Unquestionably and understandably, Ms. Winfrey is a visible, voluble, and passionate champion for civil rights, not just for African Americans, but for anyone left by the side of the road along humanity's journey to equality in myriad categories. A-Listers and red-carpet strollers too numerous to mention frequently espouse, and often contribute time and money to, very worthy causes with the genuine -- I see no reason not to assume so -- desire to right wrongs, and affix their enlightened world views to the darker corridors of human nature. Fine. That is their prerogative; they are more than welcome to build schools, feed the hungry, nurse the sick, and take up the swords of righteousness if they so choose.
Then we have Glenn Beck and other commentators, voices, pundits -- whatever you want to call them (and you have many things to call them, undoubtedly) -- of the left, right, and middle sociopolitical roads who see their sole purposes in life to be gadflies, scolds, or, in some cases, self-appointed paradigms of populist propriety. They, too, have significant funding -- not from acting careers, perhaps, but certainly from their own brand of theater -- and they use those deep wells of fiscal empowerment to energize the electrons of radio, television, and the Internet. Fine. Other than manipulating the electronic medium of modern communications, what Beck and his colleagues do bears striking resemblance to the same surrogate political voices operating in the earliest days of our republic. One need only survey the editorial landscape that existed in Jefferson's and Adams' days to appreciate the long history of loud, crashing, and bitter voices shouting across the social and political arenas. Refer to the presidential election of 1800, as Stephen F. Hayward did in the April 11, New York Times. Oprah vs. Beck isn't new material. It is our history.
And therein lies a key word. History. It may not be totally ineluctable -- there are those who simply refuse to turn toward it or learn from it -- but often within it are facts, and, as John Adams is credited with saying, facts are stubborn things. Let's not let contemporary celebrity be confused for historical accuracy.
I was alive, but too young to understand the news, when Emmett Till was murdered in 1955. But I was very much alive, and cognizant, and living in the deep South in the early 1960s when midnight kidnappings and subsequent shootings and lynchings were happening less than a hundred miles my home. Fear and loathing toward African Americans and white civil rights advocates in the hatred-steeped communities in neighboring Mississippi were real and palpable emotions. The names of James Chaney, Andrew Goodman, and Michael Schwerner still mean a lot to me and my generation.
Their deaths -- their murders, like that of Emmett Till -- were so far removed from anything like Trayvon Martin's death, not only in the way they happened, but in the time they happened, and in the place, and in the atmosphere. They were fueled by such hatred absent any spark of humanity among the killers, the police, the juries... and the local media.

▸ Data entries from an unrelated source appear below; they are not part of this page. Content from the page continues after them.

(* For all $\psi\in \mathcal{L}^{\mathrel{|}\!\sim}_{\mathds{S}}$ and all $\mathcal{K}\subseteq \mathcal{L}^{\mathrel{|}\!\sim}_{\mathds{S}}$, we have that $\mathcal{K}\mathrel{|}\!\approx_{RC}\psi$ if and only if $M_{RC}^\mathcal{K}\Vdash \psi$.
   Context: Setting (Defeasible Restricted Standpoint Logic, DRSL). A vocabulary is $\mathcal{V}=(\mathcal{P},\mathcal{S})$ with $\mathcal{P}$ a finite set of atoms and $\mathcal{S}$ a finite set of standpoint symbols containing the universal standpoint $*$. The propositional KLM language $\mathcal{L}^{\mathrel{|}\!\sim}$ is $\phi::=\alpha\mid\alpha\mathrel{|}\!\sim\beta\mid\phi\wedge\phi$ ($\alpha,\beta$ Boolean over $\mathcal{P}$). The DRSL language $\mathcal{L}^{\mathrel{|}\!\sim}_{\mathds{S}}$ is $\psi::=\phi\mid\#_s\psi\mid\psi\wedge\psi$ with $\#\in\{\Box,\Diamond\}$, $s\in\mathcal{S}$, $\phi\in\mathcal{L}^{\mathrel{|}\!\sim}$, together with sharpening statements $s_1\preceq s_2$. A ranked interpretation is $R:\mathcal{U}\to\mathds{N}\cup\{\infty\}$ on classical valuations $\mathcal{U}$ of $\mathcal{P}$ satisfying convexity (if $R(u)<\infty$ every rank $j<R(u)$ is occupied); $R\Vdash\alpha$ iff every valuation of finite rank satisfies $\alpha$, and $R\Vdash\alpha\mathrel{|}\!\sim\beta$ iff all rank-minimal $\alpha$-valuations satisfy $\beta$. A ranked standpoint structure is $M=(\Pi,\sigma,\gamma)$ with $\Pi$ a nonempty set of precisifications, $\sigma:\mathcal{S}\to P(\Pi)$ assigning nonempty sets with $\sigma( * )=\Pi$, and $\gamma$ assigning to each precisification a ranked interpretation; $M,\pi\Vdash\phi$ iff $\gamma(\pi)\Vdash\phi$, $M,\pi\Vdash\Box_s\psi$ (resp. $\Diamond_s\psi$) iff $M,\pi'\Vdash\psi$ for all (resp. some) $\pi'\in\sigma(s)$, conjunction is componentwise, $M,\pi\Vdash s_1\preceq s_2$ iff $\sigma(s_1)\subseteq\sigma(s_2)$, and $M\Vdash\psi$ iff $M,\pi\Vdash\psi$ for all $\pi$. For a propositional KLM knowledge base $K$, $R^K_{RC}$ is the minimum ranked model of $K$ under the pointwise order on ranks, and RCProp$(K,\alpha\mathrel{|}\!\sim\beta)$ is true iff $R^K_{RC}\Vdash\alpha\mathrel{|}\!\sim\beta$. Let $\mathcal{K}$ be a DRSL knowledge base in normal form (each formula is $\#_s\phi$ with $\phi\in\mathcal{L}^{\mathrel{|}\!\sim}$, or a sharpening statement); $S$ is the set of standpoints occurring in $\mathcal{K}$ (assumed with $*$ to be all of $\mathcal{S}$), and $s\preceq^+t$ iff $t=s$, $t=*$, or there is a chain of sharpening statements in $\mathcal{K}$ from $s$ to $t$. The splitting: $K_s=\{\phi\mid\Box_t\phi\in\mathcal{K}, s\preceq^+t\}$; $K_s^\phi=K_s\cup\{\phi\}$ for each $\Diamond_s\phi\in\mathcal{K}$; $\text{Know}_s=\bigcup_{t\preceq^+s}(\{K_t\}\cup\{K_t^\phi\mid\Diamond_t\phi\in\mathcal{K}\})$, and $\text{Know}_*=\bigcup_{s\in S}\text{Know}_s$ minus $K_*$. $\mathcal{K}\mathrel{|}\!\approx_{RC}\psi$ is defined by the algorithm RCStandpoint: for $\psi=\Box_s\phi$ it holds iff RCProp$(K,\phi)$ is true for all $K\in\text{Know}_s$; for $\psi=\Diamond_s\phi$ iff it is true for some $K\in\text{Know}_s$; a formula without modal operator is treated as $\Box_*$ of it; a conjunction holds iff both conjuncts do. The structure $M_{RC}^\mathcal{K}=(\Pi,\sigma,\gamma)$ has $\Pi=\{\pi_s\mid s\in S-\{*\}\}\cup\{\pi_s^\phi\mid\Diamond_s\phi\in\mathcal{K}\}$, $\sigma(s)=\{\pi_t\mid t\preceq^+s\}\cup\{\pi_t^\phi\mid t\preceq^+s\}$, $\gamma(\pi_s)=R^{K_s}_{RC}$, $\gamma(\pi_s^\phi)=R^{K_s^\phi}_{RC}$. *)

theory Defs
  imports Main "HOL-Library.Extended_Nat"
begin

datatype 'p bform = BTop | BBot | Atom 'p | BNeg "'p bform" | BConj "'p bform" "'p bform"
  | BDisj "'p bform" "'p bform" | BImp "'p bform" "'p bform"

datatype 'p klm = Cl "'p bform" | Cond "'p bform" "'p bform" | KAnd "'p klm" "'p klm"

datatype 's stp = Univ | Named 's

text \<open>DRSL formulas, including sharpening statements (Sharp s1 s2 means s1 \<preceq> s2).\<close>
datatype ('p, 's) drsl = Base "'p klm" | Box "'s stp" "('p, 's) drsl"
  | Dia "'s stp" "('p, 's) drsl" | DAnd "('p, 's) drsl" "('p, 's) drsl"
  | Sharp "'s stp" "'s stp"

type_synonym 'p valuation = "'p \<Rightarrow> bool"
type_synonym 'p ranked = "'p valuation \<Rightarrow> enat"

fun evalb :: "'p valuation \<Rightarrow> 'p bform \<Rightarrow> bool" where
  "evalb u BTop = True"
| "evalb u BBot = False"
| "evalb u (Atom p) = u p"
| "evalb u (BNeg a) = (\<not> evalb u a)"
| "evalb u (BConj a b) = (evalb u a \<and> evalb u b)"
| "evalb u (BDisj a b) = (evalb u a \<or> evalb u b)"
| "evalb u (BImp a b) = (evalb u a \<longrightarrow> evalb u b)"

definition ranked_interp :: "'p ranked \<Rightarrow> bool" where
  "ranked_interp R \<longleftrightarrow> (\<forall>u. R u < \<infinity> \<longrightarrow> (\<forall>j::nat. enat j < R u \<longrightarrow> (\<exists>v. R v = enat j)))"

fun ksat :: "'p ranked \<Rightarrow> 'p klm \<Rightarrow> bool" where
  "ksat R (Cl a) = (\<forall>u. R u < \<infinity> \<longrightarrow> evalb u a)"
| "ksat R (Cond a b) = (\<forall>u. (R u < \<infinity> \<and> evalb u a \<and>
       (\<forall>v. R v < \<infinity> \<and> evalb v a \<longrightarrow> R u \<le> R v)) \<longrightarrow> evalb u b)"
| "ksat R (KAnd f g) = (ksat R f \<and> ksat R g)"

definition ranked_model :: "'p klm set \<Rightarrow> 'p ranked \<Rightarrow> bool" where
  "ranked_model K R \<longleftrightarrow> ranked_interp R \<and> (\<forall>f\<in>K. ksat R f)"

definition rc_model :: "'p klm set \<Rightarrow> 'p ranked" where
  "rc_model K = (THE R. ranked_model K R \<and> (\<forall>R'. ranked_model K R' \<longrightarrow> (\<forall>u. R u \<le> R' u)))"

definition RCProp :: "'p klm set \<Rightarrow> 'p klm \<Rightarrow> bool" where
  "RCProp K f \<longleftrightarrow> ksat (rc_model K) f"

text \<open>A structure is a triple (Pi, sigma, gamma) over a type 'w of precisifications.\<close>
type_synonym ('w, 'p, 's) rss = "'w set \<times> ('s stp \<Rightarrow> 'w set) \<times> ('w \<Rightarrow> 'p ranked)"

fun dsat :: "('w, 'p, 's) rss \<Rightarrow> 'w \<Rightarrow> ('p, 's) drsl \<Rightarrow> bool" where
  "dsat (Pi, sg, gm) w (Base f) = ksat (gm w) f"
| "dsat (Pi, sg, gm) w (Box s p) = (\<forall>w'\<in>sg s. dsat (Pi, sg, gm) w' p)"
| "dsat (Pi, sg, gm) w (Dia s p) = (\<exists>w'\<in>sg s. dsat (Pi, sg, gm) w' p)"
| "dsat (Pi, sg, gm) w (DAnd p q) = (dsat (Pi, sg, gm) w p \<and> dsat (Pi, sg, gm) w q)"
| "dsat (Pi, sg, gm) w (Sharp s1 s2) = (sg s1 \<subseteq> sg s2)"

definition dmodels :: "('w, 'p, 's) rss \<Rightarrow> ('p, 's) drsl \<Rightarrow> bool" where
  "dmodels M p \<longleftrightarrow> (\<forall>w\<in>fst M. dsat M w p)"

fun normal_form :: "('p, 's) drsl \<Rightarrow> bool" where
  "normal_form (Box s (Base f)) = True"
| "normal_form (Dia s (Base f)) = True"
| "normal_form (Sharp s t) = True"
| "normal_form _ = False"

fun stps :: "('p, 's) drsl \<Rightarrow> 's stp set" where
  "stps (Base f) = {}"
| "stps (Box s p) = insert s (stps p)"
| "stps (Dia s p) = insert s (stps p)"
| "stps (DAnd p q) = stps p \<union> stps q"
| "stps (Sharp s t) = {s, t}"

definition sharper :: "('p, 's) drsl set \<Rightarrow> 's stp \<Rightarrow> 's stp \<Rightarrow> bool" where
  "sharper KK s t \<longleftrightarrow> t = s \<or> t = Univ \<or> (s, t) \<in> {(a, b). Sharp a b \<in> KK}\<^sup>+"

definition Ks :: "('p, 's) drsl set \<Rightarrow> 's stp \<Rightarrow> 'p klm set" where
  "Ks KK s = {f. \<exists>t. Box t (Base f) \<in> KK \<and> sharper KK s t}"

definition Know :: "('p, 's) drsl set \<Rightarrow> 's stp \<Rightarrow> 'p klm set set" where
  "Know KK s = {Ks KK (Named t) | t. sharper KK (Named t) s}
     \<union> {insert f (Ks KK t) | t f. sharper KK t s \<and> Dia t (Base f) \<in> KK}"

fun query :: "('p, 's) drsl \<Rightarrow> bool" where
  "query (Base f) = True"
| "query (Box s (Base f)) = True"
| "query (Dia s (Base f)) = True"
| "query (DAnd p q) = (query p \<and> query q)"
| "query _ = False"

fun rc_entails :: "('p, 's) drsl set \<Rightarrow> ('p, 's) drsl \<Rightarrow> bool" where
  "rc_entails KK (Base f) = (\<forall>K\<in>Know KK Univ. RCProp K f)"
| "rc_entails KK (Box s (Base f)) = (\<forall>K\<in>Know KK s. RCProp K f)"
| "rc_entails KK (Dia s (Base f)) = (\<exists>K\<in>Know KK s. RCProp K f)"
| "rc_entails KK (DAnd p q) = (rc_entails KK p \<and> rc_entails KK q)"
| "rc_entails KK _ = undefined"

datatype ('p, 's) prec = PNamed 's | PDia "'s stp" "'p klm"

fun rc_gamma :: "('p, 's) drsl set \<Rightarrow> ('p, 's) prec \<Rightarrow> 'p ranked" where
  "rc_gamma KK (PNamed s) = rc_model (Ks KK (Named s))"
| "rc_gamma KK (PDia s f) = rc_model (insert f (Ks KK s))"

definition M_RC :: "('p, 's) drsl set \<Rightarrow> (('p, 's) prec, 'p, 's) rss" where
  "M_RC KK =
    (range PNamed \<union> {PDia t f | t f. Dia t (Base f) \<in> KK},
     \<lambda>s. {PNamed t | t. sharper KK (Named t) s}
          \<union> {PDia t f | t f. Dia t (Base f) \<in> KK \<and> sharper KK t s},
     rc_gamma KK)"

end

theory Submission
  imports Defs
begin

text \<open>The precisifications of \<open>M_RC KK\<close> visible from a standpoint \<open>s\<close> carry exactly the
  rational closures of the knowledge bases in \<open>Know KK s\<close>. Hence a box (diamond) query holds
  in the structure exactly when the formula holds in all (some) of these rational closures,
  which is what RCStandpoint checks. The universal standpoint sees every precisification, so
  unmodalised queries are covered as well.\<close>

lemma dmodels_Base:
  "dmodels (Pi, sg, gm) (Base f) \<longleftrightarrow> (\<forall>R\<in>gm ` Pi. ksat R f)"
  by (simp add: dmodels_def)

lemma dmodels_Box:
  assumes "Pi \<noteq> {}"
  shows "dmodels (Pi, sg, gm) (Box s (Base f)) \<longleftrightarrow> (\<forall>R\<in>gm ` sg s. ksat R f)"
  using assms by (auto simp: dmodels_def)

lemma dmodels_Dia:
  assumes "Pi \<noteq> {}"
  shows "dmodels (Pi, sg, gm) (Dia s (Base f)) \<longleftrightarrow> (\<exists>R\<in>gm ` sg s. ksat R f)"
  using assms by (auto simp: dmodels_def)

lemma dmodels_DAnd: "dmodels M (DAnd p q) \<longleftrightarrow> dmodels M p \<and> dmodels M q"
  by (cases M) (auto simp: dmodels_def)

lemma M_RC_split: "M_RC KK = (fst (M_RC KK), fst (snd (M_RC KK)), rc_gamma KK)"
  by (simp add: M_RC_def)

lemma M_RC_precisifications_nonempty: "fst (M_RC KK) \<noteq> {}"
  by (simp add: M_RC_def)

lemma M_RC_precisifications_eq_sigma_Univ: "fst (M_RC KK) = fst (snd (M_RC KK)) Univ"
  by (auto simp: M_RC_def sharper_def)

lemma image_rc_gamma_sigma: "rc_gamma KK ` fst (snd (M_RC KK)) s = rc_model ` Know KK s"
proof -
  have "fst (snd (M_RC KK)) s = PNamed ` {t. sharper KK (Named t) s}
      \<union> (\<lambda>(t, f). PDia t f) ` {(t, f). Dia t (Base f) \<in> KK \<and> sharper KK t s}"
    by (auto simp: M_RC_def)
  moreover have "Know KK s = (\<lambda>t. Ks KK (Named t)) ` {t. sharper KK (Named t) s}
      \<union> (\<lambda>(t, f). insert f (Ks KK t)) ` {(t, f). Dia t (Base f) \<in> KK \<and> sharper KK t s}"
    by (auto simp: Know_def)
  ultimately show ?thesis
    by (simp add: image_Un image_image case_prod_beta)
qed

lemma rc_entails_iff_dmodels_M_RC:
  "query \<psi> \<Longrightarrow> rc_entails KK \<psi> \<longleftrightarrow> dmodels (M_RC KK) \<psi>"
proof (induction \<psi> rule: query.induct)
  case (1 f)
  show ?case
    by (subst M_RC_split, subst dmodels_Base)
      (simp add: RCProp_def M_RC_precisifications_eq_sigma_Univ image_rc_gamma_sigma)
next
  case (2 s f)
  show ?case
    by (subst M_RC_split, subst dmodels_Box[OF M_RC_precisifications_nonempty])
      (simp add: RCProp_def image_rc_gamma_sigma)
next
  case (3 s f)
  show ?case
    by (subst M_RC_split, subst dmodels_Dia[OF M_RC_precisifications_nonempty])
      (simp add: RCProp_def image_rc_gamma_sigma)
next
  case (4 p q)
  then show ?case
    by (simp add: dmodels_DAnd)
qed simp_all

text \<open>The correspondence is purely structural.\<close>

theorem theorem2:
  fixes KK :: "('p::finite, 's::finite) drsl set" and \<psi> :: "('p, 's) drsl"
  assumes "\<forall>\<phi>\<in>KK. normal_form \<phi>"
    and "\<forall>s::'s. \<exists>\<phi>\<in>KK. Named s \<in> stps \<phi>"
    and "query \<psi>"
  shows "rc_entails KK \<psi> \<longleftrightarrow> dmodels (M_RC KK) \<psi>"
  using rc_entails_iff_dmodels_M_RC[OF assms(3)] .

end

We will never know if Trayvon Martin's death in an otherwise peaceable community in Florida was calculated on a racial profile -- even some jurors claim they were torn. What we think we know is unreliable and unwitnessed. George Zimmerman lives with the truth; I suspect his sleep is uneasy in any case. The Oprahs and Becks each declaim with certainty that their moral opponents' opinions about Trayvon Martin's death in comparison to Emmett Till's are hollow and without merit. It is hyper, if not hysteric, theater writ large across social media, but it is not history.
We do know -- history is there to urge us to know -- that what happened to Emmett Till near Money, Miss., in 1955, was racial, it was hateful, it was witnessed and paraded about like a triumphal banner. Trayvon Martin and Emmett Till died too young, and their families' lives were changed forever; connected over the years by those facts, they share a common bond. Beyond that, there is simply no comparison.